Tocante al despacho de Manolo, había de constituir para él un estímulo todavía mayor. No sólo porque entre sus paredes empezó a familiarizarse con el léxico de la profesión, sino porque le dio ocasión de comprobar que ésta le gustaba. Ah, sí, los «casos» con que Manolo se las había a diario, y que por supuesto no se referían sólo a multas y a desahucios, despertaron su curiosidad. Ignacio se dijo a sí mismo que el esfuerzo compensaba. Dióse cuenta de que ser abogado era un poco ser médico y confesor; siempre y cuando se obrase con recta intención. Porque cada pleito era un enigma y cada cliente una intimidad que se abría. Por otra parte, ¡qué buen estilo tenía Manolo! Manolo aplicaba a la abogacía su sentido de alegría y riesgo, compatible, por lo demás, con la minuciosidad, y ello le daba resultados sorprendentes. Por si fuera poco, en el despacho había, en calidad de ayudante, un vejete que se sabía de memoria los áridos volúmenes del Aranzadi y que era un ejemplo a imitar. Este vejete, llamado Nicolás, le decía siempre que los sumarios disciplinaban la mente, porque no sólo obligaban a alinear —y a valorizar— los datos, ¡sino a tomar en última instancia una decisión! Tomar una decisión… ¿No era éste el supremo objetivo que Ignacio debía proponerse? Así lo creía Esther, quien cada mañana, con tenacidad digna de encomio, entraba sonriendo en el despacho a saludar a Ignacio para preguntarle si le apetecía una taza de café y para repetirle incansablemente, al igual que en el piso de la Rambla: «Aprobarás».

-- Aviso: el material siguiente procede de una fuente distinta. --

lemma nonlin_pairing_convex_defect_nonneg:
  assumes "0 \<le> t" and "t \<le> 1"
    and w: "AE x in M. emb w x = max 0 (emb (y - (t *\<^sub>R y1 + (1 - t) *\<^sub>R y2)) x)"
  shows "t * (\<integral>x. f (emb y1 x) * emb w x \<partial>M) + (1 - t) * (\<integral>x. f (emb y2 x) * emb w x \<partial>M)
    \<le> (\<integral>x. f (emb y x) * emb w x \<partial>M)"
proof -
  have "0 \<le> (\<integral>x. (f (emb y x) - t * f (emb y1 x) - (1 - t) * f (emb y2 x)) * emb w x \<partial>M)"
  proof (rule integral_nonneg_AE)
    show "AE x in M. 0 \<le> (f (emb y x) - t * f (emb y1 x) - (1 - t) * f (emb y2 x)) * emb w x"
      using w emb_diff[of y "t *\<^sub>R y1 + (1 - t) *\<^sub>R y2"] emb_convex_comb[of t y1 "1 - t" y2]
    proof eventually_elim
      case (elim x)
      then show ?case
        using mono_concave_defect_mult_positive_part[of f t "emb y x" "emb y1 x" "emb y2 x"]
          nonlin assms(1,2) by (simp add: nonlin_ok_def)
    qed
  qed
  also have "\<dots> = (\<integral>x. f (emb y x) * emb w x \<partial>M)
      - t * (\<integral>x. f (emb y1 x) * emb w x \<partial>M) - (1 - t) * (\<integral>x. f (emb y2 x) * emb w x \<partial>M)"
    using integrable_nonlin_pairing by (simp add: algebra_simps)
  finally show ?thesis by simp
qed

lemma VI_solution_convex_comb_positive_part:
  assumes "0 \<le> t" and "t \<le> 1"
    and sol1: "VI_solution M emb A f K u1 y1"
    and sol2: "VI_solution M emb A f K u2 y2"
    and sol: "VI_solution M emb A f K (t *\<^sub>R u1 + (1 - t) *\<^sub>R u2) y"
    and w: "AE x in M. emb w x = max 0 (emb (y - (t *\<^sub>R y1 + (1 - t) *\<^sub>R y2)) x)"
  shows "A w w \<le> 0"
proof -
  let ?yt = "t *\<^sub>R y1 + (1 - t) *\<^sub>R y2"
  let ?P = "\<lambda>v. \<integral>x. f (emb v x) * emb w x \<partial>M"
  have y1K: "y1 \<in> K" and y2K: "y2 \<in> K" and yK: "y \<in> K"
    using sol1 sol2 sol by (simp_all add: VI_solution_def)
  have "?yt \<in> K"
    using y1K y2K assms(1,2) by (intro convexD[OF K_convex]) auto
  moreover have "AE x in M. emb (y + - w) x = min (emb y x) (emb ?yt x)"
    using w emb_add[of y "- w"] emb_uminus[of w] emb_diff[of y ?yt]
    by eventually_elim (simp add: min_def max_def)
  ultimately have "y + - w \<in> K"
    using yK K_min by blast
  from VI_solution_variation[OF sol this]
  have vi_y: "0 \<le> - A y w - ?P y + t * u1 w + (1 - t) * u2 w"
    by (simp add: nonlin_pairing_uminus blinfun.minus_right plus_blinfun.rep_eq scaleR_blinfun.rep_eq)
  have "0 \<le> A y1 w + ?P y1 - u1 w"
    using VI_solution_variation[OF sol1 K_add_positive_part[OF y1K w]] .
  then have vi_y1: "0 \<le> t * A y1 w + t * ?P y1 - t * u1 w"
    using assms(1) by (metis mult_nonneg_nonneg right_diff_distrib distrib_left)
  have "0 \<le> A y2 w + ?P y2 - u2 w"
    using VI_solution_variation[OF sol2 K_add_positive_part[OF y2K w]] .
  then have vi_y2: "0 \<le> (1 - t) * A y2 w + (1 - t) * ?P y2 - (1 - t) * u2 w"
    using assms(2) by (metis diff_ge_0_iff_ge mult_nonneg_nonneg right_diff_distrib distrib_left)
  have "A (y - ?yt) w = A y w - t * A y1 w - (1 - t) * A y2 w"
    using A_linear
    by (simp add: linear_diff linear_add linear_scale minus_blinfun.rep_eq plus_blinfun.rep_eq
        scaleR_blinfun.rep_eq)
  moreover have "t * ?P y1 + (1 - t) * ?P y2 \<le> ?P y"
    using nonlin_pairing_convex_defect_nonneg[OF assms(1,2) w] .
  ultimately have "A (y - ?yt) w \<le> 0"
    using vi_y vi_y1 vi_y2 by linarith
  with A_positive_part_le[OF w] show ?thesis by linarith
qed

Ignacio, sensible a esas manifestaciones de afecto, afrontó con noble ímpetu la nueva etapa que se abría ante su vida. A veces, claro, se descorazonaba, pues algo superior a él le roía por dentro, manteniéndolo pese a todo en un estado de perpetua incertidumbre. ¡Ay, su empeño de razonar lo de por sí irrazonable! ¿No sería un francotirador, un ente solitario y marginal, puesto que era incapaz de entusiasmarse por una determinada organización? Poseía el carnet de Falange, pero no asistía a ningún acto. No se sentía a gusto en las Congregaciones Marianas, pese a la seducción personal del padre Forteza. La Acción Católica se le antojaba empírica, sosa. ¡No le gustaba el fútbol! ¿Qué le ocurría? Por suerte, el doctor Chaos, a quien conoció en casa de Manolo con motivo de redactar éste los estatutos de la Clínica Chaos, le dijo algo que le animó: «No te apures, muchacho. Tu inconformismo demuestra una cosa: que quieres ser tú y no otro, que no naciste para formar parte del rebaño».